[Work task] Check each line of the data, and copy those where "linarith" appears.

[Data section]
text \<open>Induction on the number of vertices: remove the class D of vertices sharing the
  neighbourhood K of a vertex of minimum degree together with K. Maximal independent sets of
  the rest extend by D, so the rest is well-covered with independence number \<alpha> - |D|, and
  |D| \<le> |K| closes the count; equality forces |D| = |K|, and the complete bipartite graph between
  D and K supplies the missing matching edges.\<close>
lemma well_covered_perfect_matching_bound:
  assumes "graph V E" and "no_isolated_vertices V E"
    and "\<forall>S. maximal_independent_set V E S \<longrightarrow> card S = m"
  shows "2 * m \<le> card V \<and> (2 * m = card V \<longrightarrow> (\<exists>M. perfect_matching V E M))"
  using assms
proof (induction "card V" arbitrary: V E m rule: less_induct)
  case less
  note g = less.prems(1) and ni = less.prems(2) and card_max = less.prems(3)
  have finV: "finite V" using g by (simp add: graph_def)
  show ?case
  proof (cases "V = {}")
    case True
    then have "maximal_independent_set V E {}"
      by (simp add: maximal_independent_set_def independent_set_def)
    then have "m = 0" using card_max by force
    moreover have "perfect_matching V E {}" using True by (simp add: perfect_matching_def)
    ultimately show ?thesis by auto
  next
    case False
    then obtain v where "v \<in> V" and min: "\<forall>x\<in>V. card (neighbours E v) \<le> card (neighbours E x)"
      using ex_has_least_nat[of "\<lambda>x. x \<in> V" _ "\<lambda>x. card (neighbours E x)"] by blast
    define K where "K = neighbours E v"
    define D where "D = {x \<in> V. neighbours E x = neighbours E v}"
    define W where "W = V - D - K"
    have twins: "\<forall>d\<in>D. neighbours E d = K" by (simp add: D_def K_def)
    have "D \<subseteq> V" and "v \<in> D" and "K \<subseteq> V"
      using \<open>v \<in> V\<close> neighbours_subset[OF g] by (auto simp: D_def K_def)
    have "K \<noteq> {}"
      using ni \<open>v \<in> V\<close> by (auto simp: K_def neighbours_def no_isolated_vertices_def isolated_vertex_def)
    have DK: "D \<inter> K = {}" using twins_disjoint_neighbours[OF g twins] .
    have finD: "finite D" and finK: "finite K"
      using finV \<open>D \<subseteq> V\<close> \<open>K \<subseteq> V\<close> by (auto intro: finite_subset)
    have wc: "well_covered V E" using card_max by (simp add: well_covered_def)
    have "card D \<le> card K"
      using well_covered_card_twins_le[OF g wc twins \<open>D \<subseteq> V\<close> \<open>K \<subseteq> V\<close> \<open>K \<noteq> {}\<close>] .
    have gW: "graph W (restrict_edges E W)" by (rule graph_restrict_edges[OF g]) (auto simp: W_def)
    have niW: "no_isolated_vertices W (restrict_edges E W)"
      using no_isolated_vertices_remove_twin_class[OF g min] by (simp add: W_def D_def K_def)
    have card_lift: "card J + card D = m" if "maximal_independent_set W (restrict_edges E W) J" for J
      using card_maximal_independent_set_remove_twins[OF g twins \<open>D \<subseteq> V\<close> _ card_max] \<open>v \<in> D\<close> that
      by (auto simp: W_def)
    obtain J0 where "maximal_independent_set W (restrict_edges E W) J0"
      using maximal_independent_set_exists[OF gW] .
    with card_lift have m: "m = (m - card D) + card D" by force
    have card_maxW: "\<forall>J. maximal_independent_set W (restrict_edges E W) J \<longrightarrow> card J = m - card D"
      using card_lift by force
    have "card W < card V"
      using \<open>v \<in> D\<close> \<open>D \<subseteq> V\<close> finV by (intro psubset_card_mono) (auto simp: W_def)
    from less.hyps[OF this gW niW card_maxW]
    have IH: "2 * (m - card D) \<le> card W"
      "2 * (m - card D) = card W \<longrightarrow> (\<exists>M. perfect_matching W (restrict_edges E W) M)" by auto
    have "V = W \<union> (D \<union> K)" and "W \<inter> (D \<union> K) = {}" and "finite W"
      using \<open>D \<subseteq> V\<close> \<open>K \<subseteq> V\<close> finV by (auto simp: W_def)
    then have card_V: "card V = card W + card D + card K"
      using finD finK DK by (simp add: card_Un_disjoint)
    have bound: "2 * m \<le> card V" using IH(1) m card_V \<open>card D \<le> card K\<close> by linarith
    have "\<exists>M. perfect_matching V E M" if "2 * m = card V"
    proof -
      have "card D = card K" and "2 * (m - card D) = card W"
        using IH(1) m card_V \<open>card D \<le> card K\<close> that by linarith+
      then obtain MW where "perfect_matching W (restrict_edges E W) MW" using IH(2) by blast
      then show ?thesis
        using perfect_matching_extend_twins[OF g twins \<open>D \<subseteq> V\<close> \<open>K \<subseteq> V\<close> \<open>card D = card K\<close>]
        by (auto simp: W_def)
    qed
    with bound show ?thesis by blast
  qed
qed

[Task solution]
    have bound: "2 * m \<le> card V" using IH(1) m card_V \<open>card D \<le> card K\<close> by linarith
        using IH(1) m card_V \<open>card D \<le> card K\<close> that by linarith+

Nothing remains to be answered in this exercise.